Chocolate is something that no one can resist be it a kid or adult. Eating about an ounce and a half of dark chocolate a day for two weeks seemingly has significant effects. Experts reveal hypertension a known risk factor for cardiovascular disease may be treated by dark chocolate and flavanol-rich cocoa products.
Previous analysis revealed that blood pressure may be lowered by consuming cocoa-rich foods. However several studies shared conflicting results. The new study sums up current evidence about the effect of flavanol-rich cocoa products on blood pressure among hypertensive and normotensive individuals.
Scientists accumulated information from Medline, Cochrane and international trial registries between 1955 and 2009 for randomized controlled trials. This was done to evaluate the effect of cocoa as food or drink as compared with placebo on systolic and diastolic blood pressure for a period of 2 weeks. Meta-regression analysis highlighted the link between type of treatment, dosage, duration or baseline blood pressure and blood pressure outcome. The statistical importance was marked at P less than 0.05.
The inclusion criteria was met by 15 trial arms of 13 evaluated analyses. Important blood pressure lowering effect of cocoa-chocolate compared with control was revealed by collective meta-analysis of all trials. Subgroup meta-analysis was important only for the hypertensive or prehypertensive subgroups whereas among normotensive subgroups, BP did not lower significantly.
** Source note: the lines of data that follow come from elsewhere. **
(* Let $\lambda,\sigma\in\mathbb{R}$, $x_0\ne0$, and let $B$ be a standard scalar Brownian motion. For $0<\Delta t<1$ let $t_n=n\Delta t$, $\Delta B_n=B(t_{n+1})-B(t_n)$, and let $\{X_n\}$ be the Milstein scheme for $dX=\lambda X\,dt+\sigma X\,dB$, $X(0)=x_0$, namely $X_0=x_0$ and $$X_n=X_{n-1}\Big[1+\lambda\Delta t+\sigma\Delta B_{n-1}+\tfrac{\sigma^2}{2}(\Delta B_{n-1}^2-\Delta t)\Big],\quad n\ge1.$$ Then there exist $0<\Delta t_2<1$ and $C_3,C_4>0$ such that for all $0<\Delta t<\Delta t_2$, $$\lambda+\tfrac{\sigma^2}{2}-C_3\Delta t\le\limsup_{n\to\infty}\frac1{t_n}\log\big[\mathbb E|X_n|^2\big]^{1/2}\le\lambda+\tfrac{\sigma^2}{2}+C_3\Delta t,$$ and almost surely $$\lambda-\tfrac{\sigma^2}{2}-C_4\Delta t^{1/2}\le\limsup_{n\to\infty}\frac1{t_n}\log|X_n|\le\lambda-\tfrac{\sigma^2}{2}+C_4\Delta t^{1/2}.$$ Consequently, for $0<\Delta t<\Delta t_2$: (a) if $\lambda+\frac{\sigma^2}{2}<0$ (resp. $>0$) then $X_n$ is mean-square exponentially stable (resp. mean-square exponentially blowing up); (b) if $\lambda-\frac{\sigma^2}{2}<0$ (resp. $>0$) then $X_n$ is almost-surely exponentially stable (resp. almost-surely exponentially blowing up).
   Context: Terminology: $X_n$ is mean-square exponentially stable if there exist $C,\alpha>0$ with $[\mathbb E|X_n|^2]^{1/2}\le Ce^{-\alpha t_n}$ for all large $n$, and mean-square exponentially blowing up if there exist $C,\beta>0$ with $[\mathbb E|X_n|^2]^{1/2}\ge Ce^{\beta t_n}$ for all large $n$; almost-surely exponentially stable (resp. blowing up) means that almost surely $|X_n|\le Ce^{-\alpha t_n}$ (resp. $|X_n|\ge Ce^{\beta t_n}$) for all large $n$, for some $\alpha>0$ (resp. $\beta>0$) and a (possibly random) $C>0$. Constants may depend on $\lambda,\sigma$. *)

theory Defs
  imports "HOL-Probability.Probability"
begin

definition std_brownian_motion :: "'a measure \<Rightarrow> (real \<Rightarrow> 'a \<Rightarrow> real) \<Rightarrow> bool" where
  "std_brownian_motion M B \<longleftrightarrow>
     prob_space M \<and>
     (\<forall>t\<ge>0. B t \<in> borel_measurable M) \<and>
     (AE \<omega> in M. B 0 \<omega> = 0) \<and>
     (AE \<omega> in M. continuous_on {0..} (\<lambda>t. B t \<omega>)) \<and>
     (\<forall>s t. 0 \<le> s \<and> s < t \<longrightarrow>
        distributed M lborel (\<lambda>\<omega>. B t \<omega> - B s \<omega>) (normal_density 0 (sqrt (t - s)))) \<and>
     (\<forall>(ts :: nat \<Rightarrow> real) n. 0 \<le> ts 0 \<and> (\<forall>i<n. ts i < ts (Suc i)) \<longrightarrow>
        prob_space.indep_vars M (\<lambda>_. borel) (\<lambda>i \<omega>. B (ts (Suc i)) \<omega> - B (ts i) \<omega>) {..<n})"

fun milstein :: "real \<Rightarrow> real \<Rightarrow> real \<Rightarrow> (real \<Rightarrow> 'a \<Rightarrow> real) \<Rightarrow> real \<Rightarrow> nat \<Rightarrow> 'a \<Rightarrow> real" where
  "milstein lam sig x0 B dt 0 \<omega> = x0"
| "milstein lam sig x0 B dt (Suc n) \<omega> =
     (let dB = B (real (Suc n) * dt) \<omega> - B (real n * dt) \<omega> in
      milstein lam sig x0 B dt n \<omega> *
        (1 + lam * dt + sig * dB + sig\<^sup>2 / 2 * (dB\<^sup>2 - dt)))"

definition ms_exp_stable :: "'a measure \<Rightarrow> (nat \<Rightarrow> 'a \<Rightarrow> real) \<Rightarrow> real \<Rightarrow> bool" where
  "ms_exp_stable M X dt \<longleftrightarrow> (\<exists>C \<alpha>. C > 0 \<and> \<alpha> > 0 \<and>
     (\<forall>\<^sub>F n in sequentially. sqrt (integral\<^sup>L M (\<lambda>\<omega>. \<bar>X n \<omega>\<bar>\<^sup>2)) \<le> C * exp (- \<alpha> * (real n * dt))))"

definition ms_exp_blowup :: "'a measure \<Rightarrow> (nat \<Rightarrow> 'a \<Rightarrow> real) \<Rightarrow> real \<Rightarrow> bool" where
  "ms_exp_blowup M X dt \<longleftrightarrow> (\<exists>C \<beta>. C > 0 \<and> \<beta> > 0 \<and>
     (\<forall>\<^sub>F n in sequentially. sqrt (integral\<^sup>L M (\<lambda>\<omega>. \<bar>X n \<omega>\<bar>\<^sup>2)) \<ge> C * exp (\<beta> * (real n * dt))))"

definition as_exp_stable :: "'a measure \<Rightarrow> (nat \<Rightarrow> 'a \<Rightarrow> real) \<Rightarrow> real \<Rightarrow> bool" where
  "as_exp_stable M X dt \<longleftrightarrow> (\<exists>\<alpha>>0. AE \<omega> in M. \<exists>C>0.
     (\<forall>\<^sub>F n in sequentially. \<bar>X n \<omega>\<bar> \<le> C * exp (- \<alpha> * (real n * dt))))"

definition as_exp_blowup :: "'a measure \<Rightarrow> (nat \<Rightarrow> 'a \<Rightarrow> real) \<Rightarrow> real \<Rightarrow> bool" where
  "as_exp_blowup M X dt \<longleftrightarrow> (\<exists>\<beta>>0. AE \<omega> in M. \<exists>C>0.
     (\<forall>\<^sub>F n in sequentially. \<bar>X n \<omega>\<bar> \<ge> C * exp (\<beta> * (real n * dt))))"

end

theory Submission
  imports Defs
begin

(* The scheme is multiplicative: X_n = x0 * prod_{i<n} g(dB_i) with independent increments
   dB_i ~ N(0, dt) and g(y) = 1 + lam dt + sig y + sig^2/2 (y^2 - dt).

   Mean square: E|X_n|^2 = x0^2 m^n with m = E g(dB)^2 = 1 + (2 lam + sig^2) dt + O(dt^2), so the
   mean-square exponent is exactly ln m / (2 dt) = lam + sig^2/2 + O(dt).

   Almost surely: for small dt we have g >= 1/4, so ln|X_n| - ln|x0| is a sum of i.i.d. terms ln g(dB_i).
   A Taylor bound for g^p at 1 with p = +-sqrt dt gives E g(dB)^p <= 1 + p dt (lam - sig^2/2) + K dt^2.
   Chernoff's bound and Borel-Cantelli then keep (1/(n dt)) sum_{i<n} ln g(dB_i) eventually within
   (K + 1) sqrt dt of lam - sig^2/2. *)

lemma powr_third_derivative_bound:
  fixes t p :: real
  assumes t: "t \<ge> 1/4" and p: "\<bar>p\<bar> \<le> 1"
  shows "\<bar>p * (p - 1) * (p - 2)\<bar> * t powr (p - 3) \<le> 1536 * \<bar>p\<bar>"
proof -
  have "\<bar>p * (p - 1) * (p - 2)\<bar> \<le> \<bar>p\<bar> * 2 * 3"
    unfolding abs_mult using p by (intro mult_mono) auto
  moreover have "t powr (p - 3) \<le> (1/4) powr (p - 3)"
    using t p by (intro powr_mono2') auto
  moreover have "(1/4 :: real) powr (p - 3) = 4 powr (3 - p)"
    by (simp add: powr_divide flip: powr_minus_divide)
  moreover have "4 powr (3 - p) \<le> 4 powr (4 :: real)"
    using p by (intro powr_mono) auto
  ultimately have "\<bar>p * (p - 1) * (p - 2)\<bar> * t powr (p - 3) \<le> (\<bar>p\<bar> * 2 * 3) * 256"
    by (intro mult_mono) auto
  then show ?thesis by simp
qed

lemma powr_le_taylor2:
  fixes x p :: real
  assumes x: "x \<ge> 1/4" and p: "\<bar>p\<bar> \<le> 1"
  shows "x powr p \<le> 1 + p*(x-1) + p*(p-1)/2*(x-1)^2 + 256*\<bar>p\<bar>*\<bar>x-1\<bar>^3"
proof (cases "x = 1")
  case True then show ?thesis by simp
next
  case False
  define d where "d m y = (\<Prod>j<m. p - real j) * y powr (p - real m)" for m y
  have "DERIV (d m) t :> d (Suc m) t" if "0 < t" for m t
  proof -
    have "DERIV (d m) t :> (\<Prod>j<m. p - real j) * ((p - real m) * t powr (p - real m - 1))"
      unfolding d_def using that by (intro derivative_eq_intros) auto
    then show ?thesis by (simp add: d_def diff_diff_eq add.commute mult.assoc)
  qed
  moreover have "d 0 = (\<lambda>y. y powr p)" by (simp add: d_def fun_eq_iff)
  ultimately obtain t where t: "if x < 1 then x < t \<and> t < 1 else 1 < t \<and> t < x"
    and taylor: "x powr p = (\<Sum>m<3. d m 1 / fact m * (x - 1) ^ m) + d 3 t / fact 3 * (x - 1) ^ 3"
    using Taylor[of 3 d "\<lambda>y. y powr p" "1/4" "max x 1" 1 x] False x by force
  have "t \<ge> 1/4" using t x by (auto split: if_splits)
  have quadratic_part: "(\<Sum>m<3. d m 1 / fact m * (x - 1) ^ m) = 1 + p*(x-1) + p*(p-1)/2*(x-1)^2"
    by (simp add: d_def numeral_3_eq_3 power2_eq_square)
  have "\<bar>d 3 t / fact 3 * (x - 1) ^ 3\<bar> = \<bar>p*(p-1)*(p-2)\<bar> * t powr (p - 3) / 6 * \<bar>x-1\<bar>^3"
    by (simp add: d_def numeral_3_eq_3 abs_mult power_abs fact_numeral mult.assoc)
  also have "\<dots> \<le> 1536 * \<bar>p\<bar> / 6 * \<bar>x-1\<bar>^3"
    using powr_third_derivative_bound[OF \<open>t \<ge> 1/4\<close> p]
    by (intro mult_right_mono divide_right_mono) auto
  also have "\<dots> = 256*\<bar>p\<bar>*\<bar>x-1\<bar>^3" by simp
  finally show ?thesis
    unfolding taylor quadratic_part by (smt (verit) abs_ge_self)
qed

lemma normal_distributed_moment:
  assumes "distributed M lborel X (normal_density 0 s)" and "0 < s"
  shows "has_bochner_integral M (\<lambda>\<omega>. X \<omega> ^ k)
           (if even k then fact k / ((2 / s\<^sup>2) ^ (k div 2) * fact (k div 2)) else 0)"
proof -
  have "integrable M (\<lambda>\<omega>. X \<omega> ^ k)"
    using distributed_integrable[OF assms(1), of "\<lambda>x. x ^ k"] integrable_normal_moment[of s 0 k] \<open>0 < s\<close>
    by simp
  moreover have "(\<integral>\<omega>. X \<omega> ^ k \<partial>M) = (\<integral>x. normal_density 0 s x * x ^ k \<partial>lborel)"
    using distributed_integral[OF assms(1), of "\<lambda>x. x ^ k"] by simp
  moreover have "(\<integral>x. normal_density 0 s x * x ^ k \<partial>lborel)
      = (if even k then fact k / ((2 / s\<^sup>2) ^ (k div 2) * fact (k div 2)) else 0)"
    using integral_normal_moment_even[OF \<open>0 < s\<close>, of 0 "k div 2"]
      integral_normal_moment_odd[OF \<open>0 < s\<close>, of 0 "k div 2"]
    by (cases "even k") (auto elim!: evenE oddE)
  ultimately show ?thesis by (simp add: has_bochner_integral_iff)
qed

lemma power4_add_le:
  fixes a b :: real
  shows "(a + b)^4 \<le> 8 * (a^4 + b^4)"
proof -
  have "(a + b)^2 \<le> 2 * (a^2 + b^2)"
    using zero_le_square[of "a - b"] by (simp add: power2_eq_square algebra_simps)
  then have "(a + b)^4 \<le> (2 * (a^2 + b^2))^2"
    using power_mono[of "(a + b)^2" _ 2] by (simp flip: power_mult)
  also have "\<dots> \<le> 8 * (a^4 + b^4)"
    using zero_le_square[of "a^2 - b^2"] by (simp add: power2_eq_square power4_eq_xxxx algebra_simps)
  finally show ?thesis .
qed

lemma (in prob_space) AE_eventually_sum_less_Chernoff:
  fixes L :: "nat \<Rightarrow> 'a \<Rightarrow> real"
  assumes indep: "\<And>n. indep_vars (\<lambda>_. borel) L {..<n}"
    and integrable: "\<And>i. integrable M (\<lambda>\<omega>. exp (p * L i \<omega>))"
    and bound: "\<And>i. expectation (\<lambda>\<omega>. exp (p * L i \<omega>)) \<le> exp (p * a - e)"
    and "0 < e"
  shows "AE \<omega> in M. eventually (\<lambda>n. p * (\<Sum>i<n. L i \<omega>) < p * (real n * a)) sequentially"
proof -
  have [measurable]: "L i \<in> borel_measurable M" for i
    using indep[of "Suc i"] unfolding indep_vars_def by auto
  define A where "A n = {\<omega> \<in> space M. exp (p * (real n * a)) \<le> exp (p * (\<Sum>i<n. L i \<omega>))}" for n
  have A_sets[measurable]: "A n \<in> sets M" for n
    unfolding A_def by measurable
  have exp_sum: "exp (p * (\<Sum>i<n. L i \<omega>)) = (\<Prod>i<n. exp (p * L i \<omega>))" for n \<omega>
    by (simp add: sum_distrib_left exp_sum)
  have indep_exp: "indep_vars (\<lambda>_. borel) (\<lambda>i \<omega>. exp (p * L i \<omega>)) {..<n}" for n
    by (rule indep_vars_compose2[OF indep]) simp
  have "measure M (A n) \<le> exp (- e) ^ n" for n
  proof -
    have "measure M (A n) \<le> expectation (\<lambda>\<omega>. exp (p * (\<Sum>i<n. L i \<omega>))) / exp (p * (real n * a))"
      unfolding A_def exp_sum
      by (intro integral_Markov_inequality_measure indep_vars_integrable[OF _ indep_exp])
        (auto simp: integrable intro!: prod_nonneg)
    also have "expectation (\<lambda>\<omega>. exp (p * (\<Sum>i<n. L i \<omega>))) = (\<Prod>i<n. expectation (\<lambda>\<omega>. exp (p * L i \<omega>)))"
      unfolding exp_sum by (intro indep_vars_lebesgue_integral indep_exp integrable) auto
    also have "\<dots> \<le> exp (p * a - e) ^ n"
      using prod_mono[of "{..<n}" "\<lambda>i. expectation (\<lambda>\<omega>. exp (p * L i \<omega>))" "\<lambda>_. exp (p * a - e)"]
      by (simp add: bound integral_nonneg_AE)
    also have "exp (p * a - e) ^ n / exp (p * (real n * a)) = exp (- e) ^ n"
      by (simp add: exp_of_nat_mult[symmetric] exp_diff[symmetric] algebra_simps)
    finally show ?thesis by (simp add: divide_right_mono)
  qed
  then have "summable (\<lambda>n. measure M (A n))"
    using \<open>0 < e\<close> by (intro summable_comparison_test'[OF summable_geometric, of "exp (- e)"]) auto
  then have "AE \<omega> in M. eventually (\<lambda>n. \<omega> \<in> space M - A n) sequentially"
    by (intro borel_cantelli_AE1) (auto simp: less_top[symmetric])
  then show ?thesis
    by (rule AE_mp) (auto simp: A_def not_le elim!: eventually_mono)
qed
Among the participants nine of them used chocolate containing 50% to 70% cocoa when compared with white chocolate or other cocoa-free controls. Six trials compared high with low flavanol cocoa products. Among active treatment groups daily flavanol doses ranged from 30-1000 mg and among interventions it ran from 2-18 weeks. Meta-regression analysis highlights design and type of control to be essential but indirect predictors for blood pressure.
Experts concluded by saying that dark chocolate is better than placebo to reduce systolic hypertension or diastolic prehypertension. They also share that flavanol-rich chocolate did not considerably lower mean blood pressure below 140 mmHg systolic or 80 mmHg diastolic.